EXERCISE DATA Start Marker

text \<open>Shortest-path distance (for connected graphs).\<close>
definition gdist :: "('a \<Rightarrow> 'a \<Rightarrow> bool) \<Rightarrow> 'a \<Rightarrow> 'a \<Rightarrow> nat" where
  "gdist E u v = (LEAST k. has_walk E u v k)"

definition Lset :: "'a set \<Rightarrow> ('a \<Rightarrow> 'a \<Rightarrow> bool) \<Rightarrow> 'a \<Rightarrow> 'a \<Rightarrow> 'a set" where
  "Lset V E u v = {x \<in> V. gdist E u x \<noteq> gdist E v x}"

definition local_resolving_function ::
  "'a set \<Rightarrow> ('a \<Rightarrow> 'a \<Rightarrow> bool) \<Rightarrow> ('a \<Rightarrow> real) \<Rightarrow> bool" where
  "local_resolving_function V E f \<longleftrightarrow>
     (\<forall>x\<in>V. 0 \<le> f x \<and> f x \<le> 1) \<and>
     (\<forall>u\<in>V. \<forall>v\<in>V. E u v \<longrightarrow> (\<Sum>x\<in>Lset V E u v. f x) \<ge> 1)"

definition ldim_f :: "'a set \<Rightarrow> ('a \<Rightarrow> 'a \<Rightarrow> bool) \<Rightarrow> real" where
  "ldim_f V E = Inf {(\<Sum>x\<in>V. f x) | f. local_resolving_function V E f}"

text \<open>Lollipop graph L_{m,n}: vertices 0..m+n-1; 0..m-1 form K_m,
  m..m+n-1 form the path P_n, and vertex m-1 of K_m is joined to the end m of the path.\<close>
definition lollipop_V :: "nat \<Rightarrow> nat \<Rightarrow> nat set" where
  "lollipop_V m n = {0..<m+n}"

definition lollipop_E :: "nat \<Rightarrow> nat \<Rightarrow> nat \<Rightarrow> nat \<Rightarrow> bool" where
  "lollipop_E m n x y \<longleftrightarrow> x \<noteq> y \<and> x < m + n \<and> y < m + n \<and>
     ((x < m \<and> y < m) \<or> (max x y \<ge> m \<and> (x = y + 1 \<or> y = x + 1)))"

end

theory Submission
  imports Defs "HOL-Combinatorics.Transposition"
begin

text \<open>Two clique vertices u, v other than the attachment vertex m - 1 are twins: the
transposition of u and v is an automorphism, so only u and v resolve the edge uv, and a
fractional resolving function needs f u + f v \<ge> 1 for all such pairs. Hence all of them
but one, u0, carry weight at least 1/2. The edge from u0 to m - 1 is resolved only by u0
and by the tail {m - 1, ..., m + n - 1}, which therefore carries at least 1 - f u0 in total;
this gives the lower bound (m - 2)/2 + 1 = m/2. Conversely, weight 1/2 on each clique vertex
resolves every clique edge by its two endpoints and every path edge by the clique vertices 0
and 1, whose distances to the two ends of a path edge differ by one.\<close>

lemma has_walk_refl: "has_walk E a a 0"
  unfolding has_walk_def by (intro exI[of _ "[a]"]) auto

lemma has_walk_Cons:
  assumes "E a b" "has_walk E b c k"
  shows "has_walk E a c (Suc k)"
proof -
  obtain p where p: "length p = Suc k" "hd p = b" "last p = c" "\<forall>i<k. E (p ! i) (p ! Suc i)"
    using assms(2) unfolding has_walk_def by blast
  have "p \<noteq> []" using p(1) by auto
  then have "\<forall>i<Suc k. E ((a # p) ! i) ((a # p) ! Suc i)"
    using p assms(1) by (auto simp: hd_conv_nth nth_Cons split: nat.split)
  then show ?thesis
    unfolding has_walk_def using p \<open>p \<noteq> []\<close> by (intro exI[of _ "a # p"]) auto
qed

lemma has_walk_0_eq: "has_walk E a b 0 \<Longrightarrow> a = b"
  unfolding has_walk_def by (auto simp: length_Suc_conv)

lemma has_walk_map:
  assumes "has_walk E a b k" "\<And>y z. E y z \<Longrightarrow> E (\<sigma> y) (\<sigma> z)"
  shows "has_walk E (\<sigma> a) (\<sigma> b) k"
proof -
  obtain p where p: "length p = Suc k" "hd p = a" "last p = b" "\<forall>i<k. E (p ! i) (p ! Suc i)"
    using assms(1) unfolding has_walk_def by blast
  then have "p \<noteq> []" by auto
  then show ?thesis
    unfolding has_walk_def using p assms(2)
    by (intro exI[of _ "map \<sigma> p"]) (auto simp: hd_map last_map)
qed

lemma has_walk_potential_le:
  assumes "has_walk E a b k" "\<And>y z. E y z \<Longrightarrow> \<phi> y \<le> \<phi> z + (1::nat)"
  shows "\<phi> a \<le> \<phi> b + k"
proof -
  obtain p where p: "length p = Suc k" "hd p = a" "last p = b" "\<forall>i<k. E (p ! i) (p ! Suc i)"
    using assms(1) unfolding has_walk_def by blast
  have "\<phi> (p ! 0) \<le> \<phi> (p ! i) + i" if "i \<le> k" for i
    using that
  proof (induction i)
    case (Suc i)
    then have "\<phi> (p ! i) \<le> \<phi> (p ! Suc i) + 1" using p(4) assms(2) by simp
    with Suc show ?case by simp
  qed simp
  moreover have "p \<noteq> []" using p(1) by auto
  ultimately show ?thesis
    using p by (metis hd_conv_nth last_conv_nth diff_Suc_1 order_refl)
qed

lemma gdist_le: "has_walk E a b k \<Longrightarrow> gdist E a b \<le> k"
  unfolding gdist_def by (rule Least_le)

lemma has_walk_gdist: "has_walk E a b k \<Longrightarrow> has_walk E a b (gdist E a b)"
  unfolding gdist_def by (rule LeastI)

lemma gdist_refl [simp]: "gdist E a a = 0"
  using gdist_le[OF has_walk_refl, of E a] by simp

lemma gdist_adjacent:
  assumes "E a b" "a \<noteq> b"
  shows "gdist E a b = 1"
proof -
  have walk: "has_walk E a b 1"
    using has_walk_Cons[OF assms(1) has_walk_refl[of E b]] by simp
  have "gdist E a b \<noteq> 0"
    using has_walk_gdist[OF walk] has_walk_0_eq assms(2) by metis
  with gdist_le[OF walk] show ?thesis by linarith
qed

lemma gdist_involution_invariant:
  assumes "\<And>y z. E y z \<Longrightarrow> E (\<sigma> y) (\<sigma> z)" "\<And>y. \<sigma> (\<sigma> y) = y"
  shows "gdist E (\<sigma> a) (\<sigma> b) = gdist E a b"
proof -
  have "has_walk E (\<sigma> a) (\<sigma> b) k \<longleftrightarrow> has_walk E a b k" for k
    using has_walk_map[where \<sigma> = \<sigma>] assms by metis
  then have "has_walk E (\<sigma> a) (\<sigma> b) = has_walk E a b" by blast
  then show ?thesis unfolding gdist_def by simp
qed

lemma Lset_commute: "Lset V E u v = Lset V E v u"
  unfolding Lset_def by auto

lemma endpoints_in_Lset:
  assumes "u \<in> V" "v \<in> V" "E u v" "E v u" "u \<noteq> v"
  shows "{u, v} \<subseteq> Lset V E u v"
  using assms gdist_adjacent[of E u v] gdist_adjacent[of E v u] unfolding Lset_def by auto

lemma common_neighbour_notin_Lset:
  assumes "E u x" "E v x" "x \<noteq> u" "x \<noteq> v"
  shows "x \<notin> Lset V E u v"
  using assms gdist_adjacent[of E u x] gdist_adjacent[of E v x] unfolding Lset_def by auto

lemma Lset_of_twins:
  assumes "\<And>y z. E y z \<Longrightarrow> E (transpose u v y) (transpose u v z)"
  shows "Lset V E u v \<subseteq> {u, v}"
proof
  fix x assume x: "x \<in> Lset V E u v"
  show "x \<in> {u, v}"
  proof (rule ccontr)
    assume "x \<notin> {u, v}"
    then have "gdist E v x = gdist E (transpose u v u) (transpose u v x)" by simp
    also have "\<dots> = gdist E u x" by (rule gdist_involution_invariant) (use assms in auto)
    finally show False using x unfolding Lset_def by simp
  qed
qed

EXERCISE DATA End Marker

_WORK TO COMPLETE_. Locate the lines above that hold the word "clique". Show every one of them.

_TASK RESPONSE_.
text \<open>Two clique vertices u, v other than the attachment vertex m - 1 are twins: the
this gives the lower bound (m - 2)/2 + 1 = m/2. Conversely, weight 1/2 on each clique vertex
resolves every clique edge by its two endpoints and every path edge by the clique vertices 0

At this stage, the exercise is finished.